Solid State Logic SIGMAの発売日は2013年7月〜8月を予定。価格は未定ですが45万円前後が予定されています。
ではこのSIGMAについてJames氏に質問を投げかけてみました。ぜひご覧ください(翻訳は後日改めて掲載いたします)
ToneluxのAPI500互換電源モジュールに納まったSSL API500モジュールシリーズ(AES 2012で初登場)。左からE-Series EQ Module、E-Series Compressor Moduleときて、今回の新製品のお出ましです。
これはみなさんお察しの通り、あのSSL4000GのマスターバスコンプをそっくりそのままAPI500モジュール版として移植したもの。前述のAPI500版E-Seriesを製品化した直後から世界中からさらなる新製品の開発、特に伝説的なSSLのサウンドの中核であるマスターバスコンプの要望が強かったことを伺わせます。
これを開発する際にSSLでは「実際の611基盤」「X-Rack版」そして本製品の3つのブラインドテストを行ったということ。回路はもちろんエンジニアが耳で選びOKサインが出されたお墨付きというわけです。

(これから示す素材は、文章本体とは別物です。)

lemma core_lift_mem_pyramid:
  assumes p: "3 \<le> p" and t: "0 < t" and x: "x \<in> core p" "\<forall>j\<ge>p. x j = 0"
  shows "(x, height (t / (real p - 1))) \<in> pyramid p t"
proof -
  have "1 - t / (real p - 1) / t = (real p - 2) / (real p - 1)" using p t by (simp add: field_simps)
  with x core_subset_base[OF p] p t show ?thesis by (auto simp: mem_pyramid_height)
qed

lemma corner_midpoint_Inl_Inl_in_core:
  assumes p: "3 \<le> p" and ST: "S \<subseteq> {..<p-1}" "T \<subseteq> {..<p-1}" "S \<noteq> T"
  shows "(\<lambda>j. corner p (Inl S) j / 2 + corner p (Inl T) j / 2) \<in> core p" (is "?m \<in> _")
proof -
  obtain i0 where i0: "i0 < p-1" "(i0 \<in> S) \<noteq> (i0 \<in> T)" using ST by blast
  have top: "?m (p-1) = 1" by (simp add: corner_def)
  have dev: "\<bar>?m i - ?m (p-1)/2\<bar> = (if (i \<in> S) = (i \<in> T) then 1/2 else 0)" if "i < p-1" for i
    using that by (auto simp: corner_def)
  have "(\<Sum>i<p-1. \<bar>?m i - ?m (p-1)/2\<bar>) =
      \<bar>?m i0 - ?m (p-1)/2\<bar> + (\<Sum>i\<in>{..<p-1}-{i0}. \<bar>?m i - ?m (p-1)/2\<bar>)"
    using i0 by (subst sum.remove[of _ i0]) auto
  also have "\<dots> \<le> 0 + (\<Sum>i\<in>{..<p-1}-{i0}. 1/2)"
    using i0 dev by (intro add_mono sum_mono) auto
  also have "\<dots> = (real p - 2)/2" using i0 p by (simp add: of_nat_diff)
  finally show ?thesis using top unfolding core_def by simp
qed
(* Let $s$ be a positive integer and let $G$ be an $n$-vertex $K_{s,s}$-free graph. If $e(G)>6^s s\cdot n^{3/2}$, then the number of induced copies of the $4$-cycle $C_4$ in $G$ is at least $\frac{e(G)^4}{16n^4}$.
   Context: $G$ is $K_{s,s}$-free if it contains no copy of $K_{s,s}$ as a subgraph. An induced copy of $C_4$ is a set of four vertices $u,x,v,y$ with $ux,xv,vy,yu\in E(G)$ and $uv,xy\notin E(G)$ (counted as unlabeled subgraphs). *)

theory Defs
  imports Complex_Main
begin

definition simple_graph :: "'a set \<Rightarrow> 'a set set \<Rightarrow> bool" where
  "simple_graph V E \<longleftrightarrow> finite V \<and> (\<forall>e\<in>E. e \<subseteq> V \<and> card e = 2)"

abbreviation adj :: "'a set set \<Rightarrow> 'a \<Rightarrow> 'a \<Rightarrow> bool" where
  "adj E u v \<equiv> {u, v} \<in> E"

definition Kss_free :: "'a set \<Rightarrow> 'a set set \<Rightarrow> nat \<Rightarrow> bool" where
  "Kss_free V E s \<longleftrightarrow> \<not> (\<exists>A B. A \<subseteq> V \<and> B \<subseteq> V \<and> A \<inter> B = {} \<and>
       card A = s \<and> card B = s \<and> (\<forall>a\<in>A. \<forall>b\<in>B. adj E a b))"

text \<open>Induced 4-cycles, counted as unlabeled subgraphs, i.e. as 4-vertex sets
  {u,x,v,y} with ux, xv, vy, yu edges and uv, xy non-edges.\<close>
definition induced_C4s :: "'a set \<Rightarrow> 'a set set \<Rightarrow> 'a set set" where
  "induced_C4s V E = {S. \<exists>u x v y. S = {u, x, v, y} \<and> card S = 4 \<and>
      u \<in> V \<and> x \<in> V \<and> v \<in> V \<and> y \<in> V \<and>
      adj E u x \<and> adj E x v \<and> adj E v y \<and> adj E y u \<and>
      \<not> adj E u v \<and> \<not> adj E x y}"

definition num_induced_C4 :: "'a set \<Rightarrow> 'a set set \<Rightarrow> nat" where
  "num_induced_C4 V E = card (induced_C4s V E)"

end

theory Submission
  imports Defs "HOL-Analysis.Convex"
begin

text \<open>
  An induced 4-cycle is read off from its two diagonals: a non-adjacent pair u \<noteq> v and two
  distinct non-adjacent common neighbours x, y of u and v. If u and v have c common neighbours,
  a ordered pairs of which are adjacent, this leaves c^2 - c - a choices of (x, y). Summing over
  all pairs u \<noteq> v overcounts by the adjacent pairs u v, whose contribution is at most \<Sum> a
  because an edge with two common neighbours can be counted from either side; so there are at
  least \<Sum> c^2 - \<Sum> c - 2 \<Sum> a labelled induced 4-cycles. In a K_{s,s}-free graph any s - 1
  vertices of a common neighbourhood have at most s - 1 common neighbours inside it, and a
  Kovari-Sos-Turan type count gives a \<le> c^2/8 + s 16^s c, so the count is at least
  3/4 \<Sum> c^2 - O(\<Sum> c). Finally \<Sum> c = \<Sum> d(w)^2 - \<Sum> d(w) \<ge> 3 e(G)^2 / n and
  \<Sum> c^2 \<ge> (\<Sum> c)^2 / n^2 by Cauchy-Schwarz, and the edge density hypothesis makes the linear
  error term negligible.
\<close>

definition distinct_pairs :: "'a set \<Rightarrow> ('a \<times> 'a) set" where
  "distinct_pairs A = {(x, y) \<in> A \<times> A. x \<noteq> y}"

lemma finite_distinct_pairs: "finite A \<Longrightarrow> finite (distinct_pairs A)"
  unfolding distinct_pairs_def by (auto intro: finite_subset[of _ "A \<times> A"])

lemma card_distinct_pairs:
  assumes "finite A"
  shows "real (card (distinct_pairs A)) = real (card A) ^ 2 - real (card A)"
proof -
  have "distinct_pairs A = Sigma A (\<lambda>x. A - {x})"
    unfolding distinct_pairs_def by auto
  then have "card (distinct_pairs A) = card A * (card A - 1)"
    using assms by (simp add: card_Diff_singleton)
  then show ?thesis
    by (cases "card A") (simp_all add: power2_eq_square algebra_simps)
qed

lemma card_Sigma_case_prod:
  assumes "finite A" "\<And>x y. finite (B x y)"
  shows "card (Sigma A (\<lambda>(x, y). B x y)) = (\<Sum>(x, y)\<in>A. card (B x y))"
  using assms by (subst card_SigmaI) (simp_all add: case_prod_unfold)

lemma card_le_mult_card_image:
  assumes "finite A" "\<And>b. b \<in> f ` A \<Longrightarrow> card {a\<in>A. f a = b} \<le> k"
  shows "card A \<le> k * card (f ` A)"
proof -
  have "A = (\<Union>b\<in>f ` A. {a\<in>A. f a = b})"
    by auto
  then have "card A \<le> (\<Sum>b\<in>f ` A. card {a\<in>A. f a = b})"
    using card_UN_le[of "f ` A" "\<lambda>b. {a\<in>A. f a = b}"] \<open>finite A\<close> by simp
  also have "\<dots> \<le> k * card (f ` A)"
    using sum_bounded_above[of "f ` A" "\<lambda>b. card {a\<in>A. f a = b}" k] assms(2) by (simp add: mult.commute)
  finally show ?thesis .
qed

lemma binomial_mult_power_le:
  fixes c t k :: nat
  assumes "2 * k \<le> t" "t \<le> c"
  shows "(c choose k) * t ^ k \<le> (2 * c) ^ k * (t choose k)"
  using assms
proof (induction k)
  case 0
  then show ?case by simp
next
  case (Suc k)
  have absorb: "(m choose Suc k) * Suc k = (m choose k) * (m - k)" for m
    using binomial_absorption[of k m] binomial_absorb_comp[of m k] by (simp add: mult.commute)
  have IH: "(c choose k) * t ^ k \<le> (2 * c) ^ k * (t choose k)"
    using Suc by simp
  have "(c - k) * t \<le> c * (2 * (t - k))"
    using Suc.prems by (intro order.trans[OF mult_le_mono1[of "c - k" c] mult_le_mono2]) simp_all
  have "(c choose Suc k) * t ^ Suc k * Suc k = ((c choose Suc k) * Suc k) * t ^ Suc k"
    by (simp only: ac_simps)
  also have "\<dots> = ((c choose k) * t ^ k) * ((c - k) * t)"
    unfolding absorb by (simp add: ac_simps)
  also have "\<dots> \<le> ((2 * c) ^ k * (t choose k)) * (c * (2 * (t - k)))"
    using IH \<open>(c - k) * t \<le> c * (2 * (t - k))\<close> by (rule mult_le_mono)
  also have "\<dots> = (2 * c) ^ Suc k * ((t choose k) * (t - k))"
    by (simp add: ac_simps)
  also have "\<dots> = (2 * c) ^ Suc k * (t choose Suc k) * Suc k"
    unfolding absorb[symmetric] by (simp add: algebra_simps)
  finally show ?case
    by (simp only: mult_le_cancel2)
qed
lemma not_waring_prop_below_gaussian:
  fixes i :: "'a::{field,finite}"
  assumes "CHAR('a) = 2 * m + 1" "prime CHAR('a)" "i ^ CHAR('a) \<noteq> i"
    and "range (\<lambda>y. y ^ k) \<subseteq> {0, 1, -1, i, -i}" "s < 2 * m"
  shows "\<not> waring_prop TYPE('a) k s"
proof
  assume "waring_prop TYPE('a) k s"
  then obtain f where f: "of_int (int m) + of_int (int m) * i = (\<Sum>n<s. f n ^ k)"
    unfolding waring_prop_def by blast
  obtain a b where ab: "\<bar>a\<bar> + \<bar>b\<bar> \<le> int s" "(\<Sum>n<s. f n ^ k) = of_int a + of_int b * i"
    using sum_of_gaussian_units_bounded[of s "\<lambda>n. f n ^ k" i] assms(4) by blast
  have "(of_int a :: 'a) = of_int (int m) \<and> (of_int b :: 'a) = of_int (int m)"
    using of_int_coordinates_unique[OF assms(2,3)] f ab(2) by metis
  then have "[a = int m] (mod int (2 * m + 1))" "[b = int m] (mod int (2 * m + 1))"
    by (simp_all only: of_int_eq_iff_cong_CHAR assms(1))
  then have "int m \<le> \<bar>a\<bar>" "int m \<le> \<bar>b\<bar>"
    by (simp_all add: abs_ge_if_cong_odd_half)
  with ab(1) assms(5) show False by linarith
qed

lemma waring_prop_gaussian:
  fixes i :: "'a::{field,finite}"
  assumes "CHAR('a) = 2 * m + 1" "prime CHAR('a)" "i ^ CHAR('a) \<noteq> i"
    and "card (UNIV :: 'a set) = CHAR('a) ^ 2" "{0, 1, -1, i, -i} \<subseteq> range (\<lambda>y. y ^ k)"
  shows "waring_prop TYPE('a) k (2 * m)"
  unfolding waring_prop_def
proof
  fix z :: 'a
  obtain a b where z: "z = of_int a + of_int b * i"
    using of_int_coordinates_exist[OF assms(2,3,4)] .
  obtain c where c: "\<bar>c\<bar> \<le> int m" "(of_int a :: 'a) = of_int c"
    using of_int_eq_of_int_balanced[OF assms(1)] .
  obtain d where d: "\<bar>d\<bar> \<le> int m" "(of_int b :: 'a) = of_int d"
    using of_int_eq_of_int_balanced[OF assms(1)] .
  have "\<bar>c\<bar> + \<bar>d\<bar> \<le> int (2 * m)"
    using c(1) d(1) by simp
  then have "\<exists>g. range g \<subseteq> range (\<lambda>y. y ^ k) \<and> (\<Sum>n<2 * m. g n) = of_int c + of_int d * i"
    by (rule bounded_gaussian_as_sum_of_units[OF assms(5)])
  moreover have "of_int c + of_int d * i = z"
    using z c(2) d(2) by simp
  ultimately obtain g where g: "range g \<subseteq> range (\<lambda>y. y ^ k)" "(\<Sum>n<2 * m. g n) = z"
    by metis
  then have "\<forall>n. \<exists>y. g n = y ^ k"
    by blast
  then obtain f where "\<forall>n. g n = f n ^ k"
    by (rule choice[THEN exE])
  then have "g = (\<lambda>n. f n ^ k)"
    by (intro ext) simp
  with g(2) show "\<exists>f. z = (\<Sum>n<2 * m. f n ^ k)"
    by metis
qed

lemma waring_number_gaussian:
  fixes i :: "'a::{field,finite}"
  assumes "CHAR('a) = 2 * m + 1" "prime CHAR('a)" "i ^ CHAR('a) \<noteq> i"
    and "card (UNIV :: 'a set) = CHAR('a) ^ 2" "range (\<lambda>y. y ^ k) = {0, 1, -1, i, -i}"
  shows "waring_number TYPE('a) k = Some (2 * m)"
proof -
  have upper: "waring_prop TYPE('a) k (2 * m)"
    using waring_prop_gaussian[OF assms(1-4)] assms(5) by simp
  have "(LEAST s. waring_prop TYPE('a) k s) = 2 * m"
  proof (rule Least_equality)
    show "2 * m \<le> s" if "waring_prop TYPE('a) k s" for s
    proof (rule ccontr)
      assume "\<not> 2 * m \<le> s"
      with that show False
        using not_waring_prop_below_gaussian[OF assms(1-3), of k s] assms(5) by simp
    qed
  qed (fact upper)
  with upper show ?thesis
    by (auto simp: waring_number_def)
qed

lemma waring_number_eq_None_if_powers_CHAR_fixed:
  assumes "\<And>y :: 'a::{field,finite}. (y ^ k) ^ CHAR('a) = y ^ k"
    and "CHAR('a) < card (UNIV :: 'a set)"
  shows "waring_number TYPE('a) k = None"
proof -
  \<comment> \<open>sums of k-th powers stay in the prime field, which is not everything\<close>
  have fixed: "(\<Sum>n<s. f n ^ k) ^ CHAR('a) = (\<Sum>n<s. f n ^ k)" for s and f :: "nat \<Rightarrow> 'a"
    using assms(1) by (simp add: freshmans_dream_sum finite_imp_CHAR_pos prime_CHAR_semidom)
  obtain z :: 'a where z: "z ^ CHAR('a) \<noteq> z"
    using exists_not_power_CHAR_fixed[OF assms(2)] by blast
  have "\<not> waring_prop TYPE('a) k s" for s
  proof
    assume "waring_prop TYPE('a) k s"
    then obtain f where "z = (\<Sum>n<s. f n ^ k)"
      unfolding waring_prop_def by blast
    with fixed z show False by simp
  qed
  then show ?thesis
    by (simp add: waring_number_def)
qed

theorem mainTheorem10:
  fixes p :: nat
  assumes "prime p" and "odd p"
    and "card (UNIV :: 'a set) = p ^ 2"
  shows "(p mod 4 = 3 \<longrightarrow> waring_number TYPE('a::{field,finite}) ((p ^ 2 - 1) div 4) = Some (p - 1))
       \<and> (p mod 4 = 1 \<longrightarrow> waring_number TYPE('a) ((p ^ 2 - 1) div 4) = None)"
proof -
  have char: "CHAR('a) = p"
    using CHAR_eq_if_card_eq_prime_power[OF assms(1,3)] .
  obtain m where m: "p = 2 * m + 1"
    using assms(2) oddE by blast
  define k where "k = (p ^ 2 - 1) div 4"
  have card: "card (UNIV :: 'a set) = 4 * k + 1" and "k > 0"
    using assms(3) prime_ge_2_nat[OF assms(1)] unfolding k_def m
    by (auto simp: power2_eq_square algebra_simps)
  obtain x :: 'a where x: "x ^ k * x ^ k = -1"
    using exists_power_quarter_card_sqrt_minus_one[OF card \<open>k > 0\<close>] .
  show ?thesis
    unfolding k_def[symmetric]
  proof (intro conjI impI)
    assume "p mod 4 = 3"
    then have "(x ^ k) ^ p \<noteq> x ^ k"
      using sqrt_minus_one_power_CHAR_neq[OF x] char by simp
    then show "waring_number TYPE('a) k = Some (p - 1)"
      using waring_number_gaussian[of m "x ^ k" k] range_power_quarter_card[OF card \<open>k > 0\<close> x]
        char m assms(1,3) by simp
  next
    assume "p mod 4 = 1"
    then have "(y ^ k) ^ CHAR('a) = y ^ k" for y :: 'a
      using power_quarter_card_power_mod_4_eq_1[OF card \<open>k > 0\<close>] char by simp
    moreover have "CHAR('a) < card (UNIV :: 'a set)"
      using assms(3) prime_ge_2_nat[OF assms(1)] char by (simp add: power2_eq_square)
    ultimately show "waring_number TYPE('a) k = None"
      by (rule waring_number_eq_None_if_powers_CHAR_fixed)
  qed
qed

end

実際に回路設計は全く同一、電源部が変わったことによる音質変化に対応するために1つだけコンデンサーを変更したという徹底ぶり。
SSL 4000Gを知っている方なら皆さんが思う疑問点。「GシリーズがなぜBlack Panelなのか?グレーだろ!これじゃE(しかも初期の)ではないか?」と質問。それは、最初に出したのがE-EQとE-COMPでBlackにしたから合わせたんだよ、、、、、全く、深い理由はありませんでした。
さて会場からはSSLのAPI500シリーズでこれから出てくる新製品は何か、という質問も飛び出しましたが、今のところそれは秘密のようです。動画の中でも質問をしていますが、残念ながらSuper AnalogueのMic Preは電源の問題でAPI500互換として作ることは難しいとのこと、となると…。次のリリースに注目が集まりますね!!
本製品の発売日は2013年4月24日本国出荷開始と発売直前。¥252,000で発売されます。
IGMA、そしてAPI 500シリーズの登場は、一般ユーザーや小規模プロジェクトスタジオにも、SSLが長年培ってきたコンソール開発の技術をより柔軟に、自由に選んで導入できるチャンスの到来です!!なんといってもAPIはもちろん、NEVEやGRACE,Millenia等のモジュールと組み合わせてサウンドメイクが出来る夢の様なプロダクト。
これはまさしくJames氏が言う「エンジニア自身がLEGOブロックのようにパーツを組み合わせて理想の環境を構築するスタイル」ということに他なりません。SIGMAのMIXバスにG-COMPをインサートすればまさにSSLのコンソールと同等のサーキットでミキシングが可能!!SSLらしい業務レベルのハイエンドコンソールはもちろん、このの思想による製品開発にも期待します!